BEGIN LISTED ENTRIES

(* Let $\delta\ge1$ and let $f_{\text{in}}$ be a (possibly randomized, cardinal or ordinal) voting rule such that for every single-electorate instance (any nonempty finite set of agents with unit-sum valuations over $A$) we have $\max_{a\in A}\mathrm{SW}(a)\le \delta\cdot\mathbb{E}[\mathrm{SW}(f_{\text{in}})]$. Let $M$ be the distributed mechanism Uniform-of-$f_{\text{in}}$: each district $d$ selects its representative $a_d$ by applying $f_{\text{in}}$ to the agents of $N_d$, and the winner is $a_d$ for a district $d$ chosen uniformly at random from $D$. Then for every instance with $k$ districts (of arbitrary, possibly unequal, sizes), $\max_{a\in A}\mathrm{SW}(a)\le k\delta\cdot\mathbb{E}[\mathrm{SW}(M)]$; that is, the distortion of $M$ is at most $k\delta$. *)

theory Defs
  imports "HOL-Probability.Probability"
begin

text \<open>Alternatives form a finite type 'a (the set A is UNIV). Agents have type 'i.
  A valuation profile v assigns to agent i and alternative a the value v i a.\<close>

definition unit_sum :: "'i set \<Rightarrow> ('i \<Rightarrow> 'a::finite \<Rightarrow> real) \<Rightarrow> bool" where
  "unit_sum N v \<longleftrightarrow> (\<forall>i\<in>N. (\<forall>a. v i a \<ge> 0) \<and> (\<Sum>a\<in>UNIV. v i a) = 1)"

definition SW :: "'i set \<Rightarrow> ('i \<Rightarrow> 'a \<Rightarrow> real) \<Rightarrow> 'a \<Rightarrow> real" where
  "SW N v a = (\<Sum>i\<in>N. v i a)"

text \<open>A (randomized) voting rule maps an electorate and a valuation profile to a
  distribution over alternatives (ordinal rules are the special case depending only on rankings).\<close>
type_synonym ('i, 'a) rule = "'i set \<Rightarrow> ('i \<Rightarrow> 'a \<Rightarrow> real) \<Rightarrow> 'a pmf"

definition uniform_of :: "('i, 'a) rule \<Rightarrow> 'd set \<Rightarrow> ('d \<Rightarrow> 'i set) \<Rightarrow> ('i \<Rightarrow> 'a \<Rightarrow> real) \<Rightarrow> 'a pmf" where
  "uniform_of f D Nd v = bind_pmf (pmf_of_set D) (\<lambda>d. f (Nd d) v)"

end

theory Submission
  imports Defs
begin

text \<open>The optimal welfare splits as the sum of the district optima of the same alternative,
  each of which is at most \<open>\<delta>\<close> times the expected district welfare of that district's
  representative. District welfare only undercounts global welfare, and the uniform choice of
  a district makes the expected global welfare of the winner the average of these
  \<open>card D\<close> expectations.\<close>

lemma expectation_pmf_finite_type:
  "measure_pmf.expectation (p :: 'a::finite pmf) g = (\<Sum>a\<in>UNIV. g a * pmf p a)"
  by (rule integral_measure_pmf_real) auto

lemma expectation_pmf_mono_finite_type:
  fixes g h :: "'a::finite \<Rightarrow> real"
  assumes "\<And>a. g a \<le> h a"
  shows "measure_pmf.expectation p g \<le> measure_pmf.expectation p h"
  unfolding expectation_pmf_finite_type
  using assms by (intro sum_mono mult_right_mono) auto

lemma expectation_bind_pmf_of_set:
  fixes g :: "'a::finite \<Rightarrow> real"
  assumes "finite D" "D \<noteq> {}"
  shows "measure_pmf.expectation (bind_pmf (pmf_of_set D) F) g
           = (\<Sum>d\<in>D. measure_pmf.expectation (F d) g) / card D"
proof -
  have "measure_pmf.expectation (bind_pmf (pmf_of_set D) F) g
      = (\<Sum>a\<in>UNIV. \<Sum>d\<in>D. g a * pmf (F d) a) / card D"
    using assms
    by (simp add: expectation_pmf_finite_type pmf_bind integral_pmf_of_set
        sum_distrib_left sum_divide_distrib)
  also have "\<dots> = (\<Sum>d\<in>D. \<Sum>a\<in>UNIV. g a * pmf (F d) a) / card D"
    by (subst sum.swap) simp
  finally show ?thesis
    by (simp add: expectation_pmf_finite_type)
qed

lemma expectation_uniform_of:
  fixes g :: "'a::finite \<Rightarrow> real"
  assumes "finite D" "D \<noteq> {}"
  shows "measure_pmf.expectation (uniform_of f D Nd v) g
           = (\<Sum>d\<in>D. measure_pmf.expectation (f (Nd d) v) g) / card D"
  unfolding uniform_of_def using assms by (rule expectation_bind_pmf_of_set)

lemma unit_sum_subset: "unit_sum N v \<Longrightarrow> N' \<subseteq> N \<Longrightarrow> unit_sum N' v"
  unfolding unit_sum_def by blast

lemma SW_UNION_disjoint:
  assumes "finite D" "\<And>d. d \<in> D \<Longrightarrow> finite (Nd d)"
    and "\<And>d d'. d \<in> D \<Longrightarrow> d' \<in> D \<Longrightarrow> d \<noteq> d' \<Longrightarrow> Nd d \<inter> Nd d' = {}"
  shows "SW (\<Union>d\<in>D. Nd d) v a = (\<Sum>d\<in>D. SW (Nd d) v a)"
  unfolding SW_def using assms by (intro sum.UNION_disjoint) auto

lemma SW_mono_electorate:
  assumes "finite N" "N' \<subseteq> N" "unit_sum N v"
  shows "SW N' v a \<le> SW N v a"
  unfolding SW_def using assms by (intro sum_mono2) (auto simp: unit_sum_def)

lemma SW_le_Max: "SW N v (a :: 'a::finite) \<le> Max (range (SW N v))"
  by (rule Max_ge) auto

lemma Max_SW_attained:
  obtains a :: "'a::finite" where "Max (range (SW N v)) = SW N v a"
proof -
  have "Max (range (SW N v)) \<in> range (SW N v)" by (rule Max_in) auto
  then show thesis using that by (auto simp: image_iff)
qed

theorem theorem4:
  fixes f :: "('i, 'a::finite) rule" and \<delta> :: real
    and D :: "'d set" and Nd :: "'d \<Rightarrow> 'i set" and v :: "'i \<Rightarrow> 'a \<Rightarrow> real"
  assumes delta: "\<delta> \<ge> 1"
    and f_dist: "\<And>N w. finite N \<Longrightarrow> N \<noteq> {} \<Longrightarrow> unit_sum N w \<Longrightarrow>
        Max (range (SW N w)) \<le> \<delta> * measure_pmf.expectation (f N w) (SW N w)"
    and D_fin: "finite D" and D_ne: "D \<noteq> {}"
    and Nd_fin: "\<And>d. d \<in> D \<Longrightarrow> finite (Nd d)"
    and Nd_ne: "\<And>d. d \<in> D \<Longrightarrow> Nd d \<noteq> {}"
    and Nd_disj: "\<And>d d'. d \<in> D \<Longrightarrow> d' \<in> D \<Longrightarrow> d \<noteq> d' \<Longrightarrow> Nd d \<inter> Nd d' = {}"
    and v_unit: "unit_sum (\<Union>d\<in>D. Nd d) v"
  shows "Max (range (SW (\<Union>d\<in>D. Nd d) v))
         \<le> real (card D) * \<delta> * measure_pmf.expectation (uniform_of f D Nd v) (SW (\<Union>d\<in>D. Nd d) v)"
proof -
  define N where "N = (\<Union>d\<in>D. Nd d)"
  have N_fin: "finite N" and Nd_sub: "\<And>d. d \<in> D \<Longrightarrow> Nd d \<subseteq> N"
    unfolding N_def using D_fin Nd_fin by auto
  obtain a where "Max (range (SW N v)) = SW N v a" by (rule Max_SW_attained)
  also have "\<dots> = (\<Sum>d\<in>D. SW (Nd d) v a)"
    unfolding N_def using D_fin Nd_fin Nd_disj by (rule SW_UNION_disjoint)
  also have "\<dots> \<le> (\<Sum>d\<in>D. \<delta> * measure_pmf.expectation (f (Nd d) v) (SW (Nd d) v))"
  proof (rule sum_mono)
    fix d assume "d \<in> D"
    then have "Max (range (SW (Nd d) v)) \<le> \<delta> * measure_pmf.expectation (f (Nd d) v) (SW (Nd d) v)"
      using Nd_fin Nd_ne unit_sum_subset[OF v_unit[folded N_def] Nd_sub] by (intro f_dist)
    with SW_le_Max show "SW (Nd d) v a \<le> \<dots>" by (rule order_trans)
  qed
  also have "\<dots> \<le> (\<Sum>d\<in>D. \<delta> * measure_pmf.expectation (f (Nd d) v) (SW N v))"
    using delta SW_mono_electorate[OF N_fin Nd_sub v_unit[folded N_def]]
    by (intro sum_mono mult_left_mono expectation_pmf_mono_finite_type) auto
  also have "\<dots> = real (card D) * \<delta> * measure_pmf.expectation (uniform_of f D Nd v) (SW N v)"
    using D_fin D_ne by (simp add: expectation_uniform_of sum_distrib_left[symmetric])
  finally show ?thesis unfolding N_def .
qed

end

END LISTED ENTRIES

YOUR GOAL: All that is needed is the exact run of lines above from the line containing "N w \<Longrightarrow>" through the line containing "(range (SW (Nd", both of them included.

SOLVED PROBLEM:
    and f_dist: "\<And>N w. finite N \<Longrightarrow> N \<noteq> {} \<Longrightarrow> unit_sum N w \<Longrightarrow>
        Max (range (SW N w)) \<le> \<delta> * measure_pmf.expectation (f N w) (SW N w)"
    and D_fin: "finite D" and D_ne: "D \<noteq> {}"
    and Nd_fin: "\<And>d. d \<in> D \<Longrightarrow> finite (Nd d)"
    and Nd_ne: "\<And>d. d \<in> D \<Longrightarrow> Nd d \<noteq> {}"
    and Nd_disj: "\<And>d d'. d \<in> D \<Longrightarrow> d' \<in> D \<Longrightarrow> d \<noteq> d' \<Longrightarrow> Nd d \<inter> Nd d' = {}"
    and v_unit: "unit_sum (\<Union>d\<in>D. Nd d) v"
  shows "Max (range (SW (\<Union>d\<in>D. Nd d) v))
         \<le> real (card D) * \<delta> * measure_pmf.expectation (uniform_of f D Nd v) (SW (\<Union>d\<in>D. Nd d) v)"
proof -
  define N where "N = (\<Union>d\<in>D. Nd d)"
  have N_fin: "finite N" and Nd_sub: "\<And>d. d \<in> D \<Longrightarrow> Nd d \<subseteq> N"
    unfolding N_def using D_fin Nd_fin by auto
  obtain a where "Max (range (SW N v)) = SW N v a" by (rule Max_SW_attained)
  also have "\<dots> = (\<Sum>d\<in>D. SW (Nd d) v a)"
    unfolding N_def using D_fin Nd_fin Nd_disj by (rule SW_UNION_disjoint)
  also have "\<dots> \<le> (\<Sum>d\<in>D. \<delta> * measure_pmf.expectation (f (Nd d) v) (SW (Nd d) v))"
  proof (rule sum_mono)
    fix d assume "d \<in> D"
    then have "Max (range (SW (Nd d) v)) \<le> \<delta> * measure_pmf.expectation (f (Nd d) v) (SW (Nd d) v)"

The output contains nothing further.